1. "Iron John" (December 4)
When a young, disobedient prince recklessly puts several lives in danger by releasing a sadistic, metal monster of a man named Iron John (for the sake of a toy) and gets rewarded, Grimm decides it's time this story got set to "Terminator" mode! Follow Iron John and Prince Connor as they journey through the local town, Iron John's pond hideout, Prince Connor's massive castle abode, Iron John's "Midas pool", a kingdom that neighbors Prince Connor's, the old king's tournament, and Prince Connor's wedding. Side with Iron John if you want to live!
1. "The Pied Piper" (December 11)
When the town of Hamelin is saved by a mysterious Piper, but the townspeople don't thank him and he doesn't do much as revenge towards them, Grimm decides to crank the plague up a notch or two! Join the Pied Piper as he wanders through the outskirts of Hamelin, Hamelin's town square, the local docks, the riverfront, the Family Celebration Day festival, and the Piper's mountain hideout. Better pay the Piper; you've put up quite a bill!
1. "A Christmas Carol" (December 18)
In this special season finale, we wrap up the season with a twist on a holiday classic. If you thought Ebenezer Scrooge was bad, wait till you see what Grimm does with the story!

==== Season 3 ====
1. - "The Frog King" (February 12)
2. "Jack and the Beanstalk" (February 19)
3. "Mulan" (February 26) - This episode is spoken entirely in Mandarin Chinese
4. "Pinocchio" (March 5)
5. "Sleeping Beauty" (also including "Rapunzel" and "Rumpelstiltskin") (March 12)
6. "The Adventures of Thumbling" (April 16)
7. "Snow White" (April 23)
Mirror, mirror, on the wall, this is the Grimm-est of them all! The finale of season 3, and Grimm overall, brings us to one of the most beloved fairy tales...to make it vile. This tale of a young girl rushed out by her evil stepmother is given a high boost of extra darkness! Explore the Queen's Mirror chamber, the castle gardens, and the Dwarves Cottage. Then, to make the royal wedding a smash, Grimm will rally his friends from other tales to have fun!

== Reception ==

The first season of Grimm was met with mild praise. As of March 2009, the average rating of the first season is 6.77 out of ten, according to GameTap users.
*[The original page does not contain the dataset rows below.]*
(* Let $p_\Gamma$ be continuous and quasiconcave, and let $H$ and $\Gamma$ be independent. Fix $R_c>0$. Then the function $R_s\mapsto ED_s(R_s,R_c)$ on $R_s\ge0$ is minimized at $$R_s=\tfrac12\log_2\!\big(1+(1+\bar\gamma(R_c))(2^{2R_c}-1)\big)-R_c .$$
   Context: $H\ge0$, $\Gamma\ge0$ are the channel and side-information gains with densities $p_H,p_\Gamma$. Logarithms base 2. Define $D_d(R,\gamma)=(\gamma+2^{2R})^{-1}$. For rates $R_s\ge0,R_c>0$ define the outage set $\mathcal O_s=\{(h,\gamma): R_c\ge\tfrac12\log_2(1+h)\}\cup\{(h,\gamma): R_c\le \tfrac12\log_2(1+\tfrac{2^{2(R_s+R_c)}-1}{1+\gamma})\}$ and the separate source-channel coding expected distortion $ED_s(R_s,R_c)=\mathrm E\big[D_d(R_s+R_c,\Gamma)\mathbf 1\{(H,\Gamma)\notin\mathcal O_s\}\big]+\mathrm E\big[D_d(0,\Gamma)\mathbf 1\{(H,\Gamma)\in\mathcal O_s\}\big]$. Target state $\bar\gamma(R)$: for continuous quasiconcave $p_\Gamma$ write the super-level sets as $[\gamma_l(\alpha),\gamma_r(\alpha)]=\{\gamma\ge0:p_\Gamma(\gamma)\ge\alpha\}$. For $R\ge0$, $\bar\gamma(R)=\gamma_l(\alpha^* )$ where $\alpha^*\in[0,\max p_\Gamma]$ solves $$\int_{\gamma_l(\alpha^* )}^\infty\frac{p_\Gamma(\gamma)-\alpha^*}{\big((1+\gamma_l(\alpha^* ))2^{2R}+\gamma-\gamma_l(\alpha^* )\big)^2}\,d\gamma=0 .$$ *)

theory Defs
  imports "HOL-Probability.Probability"
begin

definition Dd :: "real \<Rightarrow> real \<Rightarrow> real" where
  "Dd R g = 1 / (g + 2 powr (2 * R))"

definition outage_s :: "real \<Rightarrow> real \<Rightarrow> (real \<times> real) set" where
  "outage_s Rs Rc =
     {(h, g). Rc \<ge> 1/2 * log 2 (1 + h)} \<union>
     {(h, g). Rc \<le> 1/2 * log 2 (1 + (2 powr (2 * (Rs + Rc)) - 1) / (1 + g))}"

text \<open>Expected distortion of separate source-channel coding, for channel gain H and
  side-information gain G, random variables on the probability space M.\<close>
definition ED_s :: "'w measure \<Rightarrow> ('w \<Rightarrow> real) \<Rightarrow> ('w \<Rightarrow> real) \<Rightarrow> real \<Rightarrow> real \<Rightarrow> real" where
  "ED_s M H G Rs Rc =
     (\<integral>\<omega>. Dd (Rs + Rc) (G \<omega>) * indicator (- outage_s Rs Rc) (H \<omega>, G \<omega>) \<partial>M)
   + (\<integral>\<omega>. Dd 0 (G \<omega>) * indicator (outage_s Rs Rc) (H \<omega>, G \<omega>) \<partial>M)"

definition quasiconcave_nonneg :: "(real \<Rightarrow> real) \<Rightarrow> bool" where
  "quasiconcave_nonneg p \<longleftrightarrow>
     (\<forall>x y t. 0 \<le> x \<longrightarrow> 0 \<le> y \<longrightarrow> 0 \<le> t \<longrightarrow> t \<le> 1 \<longrightarrow>
        min (p x) (p y) \<le> p (t * x + (1 - t) * y))"

definition gamma_l :: "(real \<Rightarrow> real) \<Rightarrow> real \<Rightarrow> real" where
  "gamma_l p a = Inf {g. 0 \<le> g \<and> a \<le> p g}"

definition target_alpha :: "(real \<Rightarrow> real) \<Rightarrow> real \<Rightarrow> real \<Rightarrow> bool" where
  "target_alpha p R a \<longleftrightarrow>
     0 \<le> a \<and> a \<le> Sup (p ` {0..}) \<and>
     (LINT g:{gamma_l p a..}|lborel.
        (p g - a) / ((1 + gamma_l p a) * 2 powr (2 * R) + g - gamma_l p a)\<^sup>2) = 0"

end

theory Submission
  imports Defs
begin

text \<open>Write c = 2^(2 R_c) - 1. The channel is out of outage exactly when H > c and the
  side-information gain exceeds a threshold T that increases with R_s from 0 to infinity.
  By independence, ED_s = E[D_d(0, Gamma)] - P(H > c) F(T), where
  F(T) = int_T^oo p(g) (D_d(0, g) - D_d(R_s + R_c, g)) dg, so R_s is optimal exactly when its
  threshold maximises F. Differentiating under the integral sign gives
  F'(T) = c int_T^oo (p(g) - p(T)) / (g + 1 + c (1 + T))^2 dg. Beyond the target state,
  p - alpha changes sign at most once by quasiconcavity, and comparing the weights
  1/(g + K)^2 with the one in the defining equation of alpha shows F' >= 0 before the
  target state and F' <= 0 after it. The rate in the theorem is the one whose threshold is
  the target state.\<close>

lemma mono_on_sign_change_mult_le:
  fixes w :: "real \<Rightarrow> real"
  assumes "mono_on S w" "g \<in> S" "r \<in> S" "g < r \<Longrightarrow> 0 \<le> q" "r < g \<Longrightarrow> q \<le> 0"
  shows "w g * q \<le> w r * q"
proof (cases g r rule: linorder_cases)
  case less
  then show ?thesis using assms by (intro mult_right_mono mono_onD[OF assms(1)]) auto
next
  case greater
  then show ?thesis using assms by (intro mult_right_mono_neg mono_onD[OF assms(1)]) auto
qed simp

lemma shifted_ratio_mono:
  fixes a b :: real
  assumes "0 < a" "a \<le> b"
  shows "mono_on {0..} (\<lambda>g. ((g + a) / (g + b))\<^sup>2)"
proof (rule mono_onI, rule power_mono)
  fix x y :: real assume "x \<in> {0..}" "y \<in> {0..}" "x \<le> y"
  moreover have "(y + a) * (x + b) - (x + a) * (y + b) = (y - x) * (b - a)"
    by (simp add: algebra_simps)
  ultimately have "(x + a) * (y + b) \<le> (y + a) * (x + b)"
    using assms by (metis diff_ge_0_iff_ge mult_nonneg_nonneg)
  moreover have "0 < x + b" "0 < y + b" using assms \<open>x \<in> {0..}\<close> \<open>y \<in> {0..}\<close> by auto
  ultimately show "(x + a) / (x + b) \<le> (y + a) / (y + b)" by (simp add: divide_simps)
  show "0 \<le> (x + a) / (x + b)" using assms \<open>x \<in> {0..}\<close> by simp
qed

lemma has_real_derivative_zero_if_quadratic_bound:
  fixes f :: "real \<Rightarrow> real"
  assumes "f u = 0" "\<And>y. y \<in> S \<Longrightarrow> \<bar>f y\<bar> \<le> K * (y - u)\<^sup>2"
  shows "(f has_real_derivative 0) (at u within S)"
  unfolding has_field_derivative_iff
proof (rule Lim_null_comparison)
  show "\<forall>\<^sub>F y in at u within S. norm ((f y - f u) / (y - u)) \<le> K * \<bar>y - u\<bar>"
    unfolding eventually_at_filter
  proof (intro always_eventually allI impI)
    fix y assume "y \<noteq> u" "y \<in> S"
    then show "norm ((f y - f u) / (y - u)) \<le> K * \<bar>y - u\<bar>" using assms
      by (simp add: abs_divide divide_le_eq power2_eq_square abs_mult_self_eq mult.assoc)
  qed
  show "((\<lambda>y. K * \<bar>y - u\<bar>) \<longlongrightarrow> 0) (at u within S)"
    by (rule tendsto_eq_intros | simp)+
qed

lemma inverse_square_bounds:
  fixes g K :: real
  assumes "0 \<le> g" "1 \<le> K"
  shows "0 \<le> 1 / (g + K)\<^sup>2" "1 / (g + K)\<^sup>2 \<le> 1"
proof -
  have "1 \<le> g + K" using assms by simp
  then have "1 \<le> (g + K)\<^sup>2" by (simp add: one_le_power)
  then show "0 \<le> 1 / (g + K)\<^sup>2" "1 / (g + K)\<^sup>2 \<le> 1" by (auto simp: divide_le_eq)
qed

lemma second_order_inverse_expansion:
  fixes a b :: real
  assumes "a \<noteq> 0" "b \<noteq> 0"
  shows "- 1 / b = - 1 / a + (b - a) * (1 / a\<^sup>2) - (b - a)\<^sup>2 * (1 / (a\<^sup>2 * b))"
  using assms by (simp add: field_simps power2_eq_square)

lemma set_integral_nonneg:
  fixes f :: "'a \<Rightarrow> real"
  assumes "\<And>x. x \<in> A \<Longrightarrow> 0 \<le> f x"
  shows "0 \<le> (LINT x:A|M. f x)"
  unfolding set_lebesgue_integral_def
  by (rule Bochner_Integration.integral_nonneg) (use assms in \<open>auto simp: indicator_def\<close>)

lemma set_integral_nonpos:
  fixes f :: "'a \<Rightarrow> real"
  assumes "\<And>x. x \<in> A \<Longrightarrow> f x \<le> 0"
  shows "(LINT x:A|M. f x) \<le> 0"
  using set_integral_nonneg[of A "\<lambda>x. - f x" M] assms by (simp add: set_lebesgue_integral_def)

lemma set_integral_mono_set:
  fixes f :: "'a \<Rightarrow> real"
  assumes "set_integrable M B f" "A \<subseteq> B" "A \<in> sets M" "\<And>x. x \<in> B \<Longrightarrow> 0 \<le> f x"
  shows "(LINT x:A|M. f x) \<le> (LINT x:B|M. f x)"
  using set_integrable_subset[OF assms(1,3,2)] assms(1) assms(2,4)
  unfolding set_lebesgue_integral_def set_integrable_def
  by (intro integral_mono) (auto simp: indicator_def)
(* Let $T$ be a monoid and $(X,\cdot)$ an order-preserving left action of $T$ on a semilattice $X$ with identity. Then the $*$-left Ehresmann monoid $\mathcal{P}_\ell(T,X)$ has proper basis $H^{\mathcal{P}}=\{te:t\in T,e\in X\}$. Moreover, for any $\alpha\in\mathcal{P}_\ell(T,X)$ with $H^{\mathcal{P}}$-canonical form $\alpha=h_1\cdots h_n$, we have $\alpha^+=h_1^+$ and $\alpha^*=h_n^*$.
   Context: A semilattice is a commutative semigroup of idempotents, ordered by $e\le f$ iff $ef=e$. An order-preserving left action satisfies $1_T\cdot x=x$, $s\cdot(t\cdot x)=st\cdot x$, $x\le y\Rightarrow t\cdot x\le t\cdot y$. Construction: let $T*X$ be the semigroup free product; it acts on $X$ with elements of $X$ acting by multiplication; put $\omega^+=\omega\cdot1_X$; let $\sim$ be the semigroup congruence generated by $\{(\alpha^+\alpha,\alpha)\}\cup\{(1_T,1_X)\}$ and $\mathcal{P}_\ell(T,X)=(T*X)/\sim$ with $[\alpha]^+=[\alpha^+]$; identify $X$ and $T$ with their (injective) images $\{[x]\}$, $\{[t]\}$. It is known that $\mathcal{P}_\ell(T,X)$ is left Ehresmann with projections $X$, generated by $X\cup T$, with unique $T$-normal forms ($t_0e_1t_1\cdots e_nt_n$, $n\ge0$, $e_i\in X\setminus\{1\}$, $t_1,\dots,t_{n-1}\in T\setminus\{1\}$, $e_i<(t_ie_{i+1}\cdots e_nt_n)^+$), and each $\sigma$-class contains exactly one element of $T$. It becomes $*$-left Ehresmann via $a^*=e_n$ if $n\ge1$ and $t_n=1$ in the $T$-normal form, $a^*=1$ otherwise. A $*$-left Ehresmann monoid is a monoid with unary operations $+,*$ satisfying $x^+x=x$, $(x^+y^+)^+=x^+y^+$, $x^+y^+=y^+x^+$, $(xy)^+=(xy^+)^+$, $xx^*=x$, $(x^* )^*=x^*$, $x^*y^*=y^*x^*$, $(xy^* )^*y^*=(xy^* )^*$, $(x^* )^+=x^*$, $(x^+)^*=x^+$; $E=\{a^+\}=\{a^*\}$; $\sigma$ is the least monoid congruence containing $E\times E$. $H\subseteq M$ is atomic if: (H1) $E\subseteq H$; (H2) $h\in H,e\in E$ imply $he\in H$ and $(he)^*=h^*e$; (H3) if $h\in H$, $k\in H\setminus E$, $h^*\ge k^+$ then $hk\in H$ and $(hk)^*=k^*$; (H4) every $m$ is $\sigma$-related to some $h\in H$; (H5) if $h,k,w\in H$, $hk\,\sigma\,w$, $k^*=w^*$, then some $u\in H$ has $u\,\sigma\,h$, $u^*\ge k^+$. $H$ is proper if ($h^*=k^*$ and $h\,\sigma\,k$) iff $h=k$. $h_1\cdots h_n$ is in $H$-canonical form if $h_i^*<h_{i+1}^+$ ($1\le i<n$) and $h_i\notin E$ ($2\le i\le n$); $M$ has $H$-canonical forms if each element has exactly one such expression. A basis is an atomic generating set $H$ for which $M$ has $H$-canonical forms; a proper basis is a basis which is proper. *)

theory Defs
  imports Main
begin
(* Let $S\subseteq\mathbb{N}^k$. If $S$ is denoted by some resimple expression, then $S$ is a recognizable subset of $\mathbb{N}^k$.
   Context: $\mathbb{N}$ includes $0$; $\mathbf{e}_j$ is the $j$-th unit vector of $\mathbb{N}^k$. For finite $B\subseteq\mathbb{N}^k$, $B^\oplus$ is the set of $\mathbb{N}$-linear combinations of elements of $B$, and $\gamma+B^\oplus=\{\gamma+\sigma:\sigma\in B^\oplus\}$. $B$ is a free basis if every element of $B^\oplus$ has a unique representation as an $\mathbb{N}$-linear combination of elements of $B$. An element is primary if it equals $n\mathbf{e}_j$ with $n>0$. An atomic resimple expression is $\gamma+B^\oplus$ with $\gamma\in\mathbb{N}^k$ and $B$ a free basis all of whose elements are primary. Resimple expressions are built inductively: atomic resimple expressions are resimple, and if $E,F$ are resimple then so are $E\cup F$, $E\cap F$ and $E^c$ (complement in $\mathbb{N}^k$), with the obvious set semantics. With $A=\{a_1,\dots,a_k\}$ and $\varphi:A^*\to\mathbb{N}^k$, $\varphi(w)=(|w|_{a_1},\dots,|w|_{a_k})$ ($|w|_a$ = number of occurrences of $a$ in $w$), a set $S\subseteq\mathbb{N}^k$ is recognizable if $\varphi^{-1}(S)$ is a regular language. *)

theory Defs
  imports Main
begin

(* Vectors of N^k are represented as functions nat => nat vanishing from index k on. *)
definition Nk :: "nat \<Rightarrow> (nat \<Rightarrow> nat) set" where
  "Nk k = {v. \<forall>j\<ge>k. v j = 0}"

definition unitvec :: "nat \<Rightarrow> nat \<Rightarrow> nat" where
  "unitvec j = (\<lambda>i. if i = j then 1 else 0)"

definition lincomb :: "((nat \<Rightarrow> nat) \<Rightarrow> nat) \<Rightarrow> (nat \<Rightarrow> nat) set \<Rightarrow> nat \<Rightarrow> nat" where
  "lincomb c B = (\<lambda>i. \<Sum>b\<in>B. c b * b i)"

definition span_N :: "(nat \<Rightarrow> nat) set \<Rightarrow> (nat \<Rightarrow> nat) set" where
  "span_N B = {lincomb c B | c. True}"

definition free_basis :: "(nat \<Rightarrow> nat) set \<Rightarrow> bool" where
  "free_basis B \<longleftrightarrow> finite B \<and>
     (\<forall>c c'. lincomb c B = lincomb c' B \<longrightarrow> (\<forall>b\<in>B. c b = c' b))"

definition primary :: "nat \<Rightarrow> (nat \<Rightarrow> nat) \<Rightarrow> bool" where
  "primary k v \<longleftrightarrow> (\<exists>n j. n > 0 \<and> j < k \<and> v = (\<lambda>i. n * unitvec j i))"

datatype rexpr = Atom "nat \<Rightarrow> nat" "(nat \<Rightarrow> nat) set"
  | RUn rexpr rexpr | RInt rexpr rexpr | RCompl rexpr

fun resimple :: "nat \<Rightarrow> rexpr \<Rightarrow> bool" where
  "resimple k (Atom \<gamma> B) \<longleftrightarrow> \<gamma> \<in> Nk k \<and> free_basis B \<and> (\<forall>b\<in>B. primary k b)"
| "resimple k (RUn E F) \<longleftrightarrow> resimple k E \<and> resimple k F"
| "resimple k (RInt E F) \<longleftrightarrow> resimple k E \<and> resimple k F"
| "resimple k (RCompl E) \<longleftrightarrow> resimple k E"

fun rsem :: "nat \<Rightarrow> rexpr \<Rightarrow> (nat \<Rightarrow> nat) set" where
  "rsem k (Atom \<gamma> B) = {(\<lambda>i. \<gamma> i + \<sigma> i) | \<sigma>. \<sigma> \<in> span_N B}"
| "rsem k (RUn E F) = rsem k E \<union> rsem k F"
| "rsem k (RInt E F) = rsem k E \<inter> rsem k F"
| "rsem k (RCompl E) = Nk k - rsem k E"

(* Regular languages over the alphabet {0..<k} (letter i stands for a_(i+1)) *)
definition conc :: "'a list set \<Rightarrow> 'a list set \<Rightarrow> 'a list set" where
  "conc L M = {u @ v | u v. u \<in> L \<and> v \<in> M}"

inductive_set star_lang :: "'a list set \<Rightarrow> 'a list set" for L where
  star_nil: "[] \<in> star_lang L"
| star_app: "u \<in> L \<Longrightarrow> v \<in> star_lang L \<Longrightarrow> u @ v \<in> star_lang L"

inductive regular :: "nat \<Rightarrow> nat list set \<Rightarrow> bool" for k where
  reg_empty: "regular k {}"
| reg_eps: "regular k {[]}"
| reg_letter: "a < k \<Longrightarrow> regular k {[a]}"
| reg_union: "regular k L \<Longrightarrow> regular k M \<Longrightarrow> regular k (L \<union> M)"
| reg_conc: "regular k L \<Longrightarrow> regular k M \<Longrightarrow> regular k (conc L M)"
| reg_star: "regular k L \<Longrightarrow> regular k (star_lang L)"

definition parikh :: "nat \<Rightarrow> nat list \<Rightarrow> nat \<Rightarrow> nat" where
  "parikh k w = (\<lambda>i. if i < k then count_list w i else 0)"

definition recognizable :: "nat \<Rightarrow> (nat \<Rightarrow> nat) set \<Rightarrow> bool" where
  "recognizable k S \<longleftrightarrow> regular k {w \<in> lists {..<k}. parikh k w \<in> S}"

end

theory Submission
  imports Defs
begin

(* Fix a threshold T and a period P > 0 and identify two counts if they are equal and below T,
   or both at least T and congruent modulo P.  A resimple set is saturated for the coordinatewise
   extension of this congruence, for suitable T and P: in coordinate j an atom gamma + B^oplus
   with primary free basis B is the progression gamma_j + n_j N, where n_j e_j is the unique
   element of B in direction j (n_j = 0 if there is none), which is saturated once T > gamma_j
   and n_j divides P; unions, intersections and complements stay saturated after passing to a
   common refinement (max T, product of the P).  A saturated set is then recognized by the finite
   automaton storing the class of every letter count, and the language of a finite automaton is
   regular by the McNaughton-Yamada construction. *)

lemma regular_UN:
  assumes "finite I" "\<And>i. i \<in> I \<Longrightarrow> regular k (L i)"
  shows "regular k (\<Union>i\<in>I. L i)"
  using assms by (induction I rule: finite_induct) (auto intro: regular.intros)

lemma regular_singleton: "w \<in> lists {..<k} \<Longrightarrow> regular k {w}"
proof (induction w)
  case Nil
  show ?case by (rule reg_eps)
next
  case (Cons a w)
  have "{a # w} = conc {[a]} {w}" by (simp add: conc_def)
  with Cons show ?case by (auto intro: reg_conc reg_letter)
qed

lemma regular_finite: "finite L \<Longrightarrow> L \<subseteq> lists {..<k} \<Longrightarrow> regular k L"
  using regular_UN[of L k "\<lambda>w. {w}"] regular_singleton by (auto simp: subset_iff)

(* The languages R^X_pq of the McNaughton-Yamada construction: the states reached after the
   nonempty proper prefixes of w must lie in X. *)
fun path_via :: "('s \<Rightarrow> 'a \<Rightarrow> 's) \<Rightarrow> 's set \<Rightarrow> 's \<Rightarrow> 'a list \<Rightarrow> 's \<Rightarrow> bool" where
  "path_via d X p [] q \<longleftrightarrow> p = q"
| "path_via d X p [a] q \<longleftrightarrow> d p a = q"
| "path_via d X p (a # w) q \<longleftrightarrow> d p a \<in> X \<and> path_via d X (d p a) w q"

definition path_lang :: "nat \<Rightarrow> ('s \<Rightarrow> nat \<Rightarrow> 's) \<Rightarrow> 's set \<Rightarrow> 's \<Rightarrow> 's \<Rightarrow> nat list set" where
  "path_lang k d X p q = {w \<in> lists {..<k}. path_via d X p w q}"

lemma path_via_mono: "path_via d X p w q \<Longrightarrow> X \<subseteq> Y \<Longrightarrow> path_via d Y p w q"
  by (induction d X p w q rule: path_via.induct) auto

lemma path_via_append:
  "path_via d X p u r \<Longrightarrow> path_via d X r v q \<Longrightarrow> r \<in> X \<Longrightarrow> path_via d X p (u @ v) q"
proof (induction d X p u r rule: path_via.induct)
  case (2 d X p a q)
  then show ?case by (cases v) auto
qed auto

lemma path_via_Cons_nonempty:
  "u \<noteq> [] \<Longrightarrow> path_via d X p (a # u) q \<longleftrightarrow> d p a \<in> X \<and> path_via d X (d p a) u q"
  by (cases u) auto

lemma path_via_insert_split:
  "path_via d (insert r X) p w q \<Longrightarrow> path_via d X p w q \<or>
     (\<exists>u v. w = u @ v \<and> u \<noteq> [] \<and> path_via d X p u r \<and> path_via d (insert r X) r v q)"
proof (induction w arbitrary: p)
  case (Cons a w)
  show ?case
  proof (cases "w = [] \<or> d p a = r")
    case True
    then show ?thesis
    proof
      assume "w = []"
      then show ?thesis using Cons.prems by simp
    next
      assume "d p a = r"
      then have "path_via d X p [a] r" by simp
      moreover have "path_via d (insert r X) r w q"
        using Cons.prems \<open>d p a = r\<close> by (cases w) auto
      ultimately show ?thesis by (intro disjI2 exI[of _ "[a]"] exI[of _ w]) simp
    qed
  next
    case False
    then have "d p a \<in> X" "path_via d (insert r X) (d p a) w q"
      using Cons.prems by (auto simp: path_via_Cons_nonempty)
    with Cons.IH consider "path_via d X (d p a) w q"
      | u v where "w = u @ v" "u \<noteq> []" "path_via d X (d p a) u r" "path_via d (insert r X) r v q"
      by blast
    then show ?thesis
    proof cases
      case 1
      then show ?thesis using False \<open>d p a \<in> X\<close> by (simp add: path_via_Cons_nonempty)
    next
      case (2 u v)
      then show ?thesis using \<open>d p a \<in> X\<close>
        by (intro disjI2 exI[of _ "a # u"] exI[of _ v]) (simp add: path_via_Cons_nonempty)
    qed
  qed
qed simp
IGN rated the episodes as follows:

1. "A Boy Learns What Fear Is": 6/10
2. "Little Red Riding Hood": 6.1/10
3. "The Fisherman and His Wife": 6.2/10
4. "Puss in Boots": 6.1/10
5. "The Girl Without Hands": 5.7/10
6. "Godfather Death": 6.3/10
7. "The Devil and His Three Golden Hairs": 6.2/10
8. "Beauty and the Beast": 6.3/10

Season one had an average IGN score of 6.1.

As of March 2009, the second season had an average of 6.7 out of ten, according to GameTap users.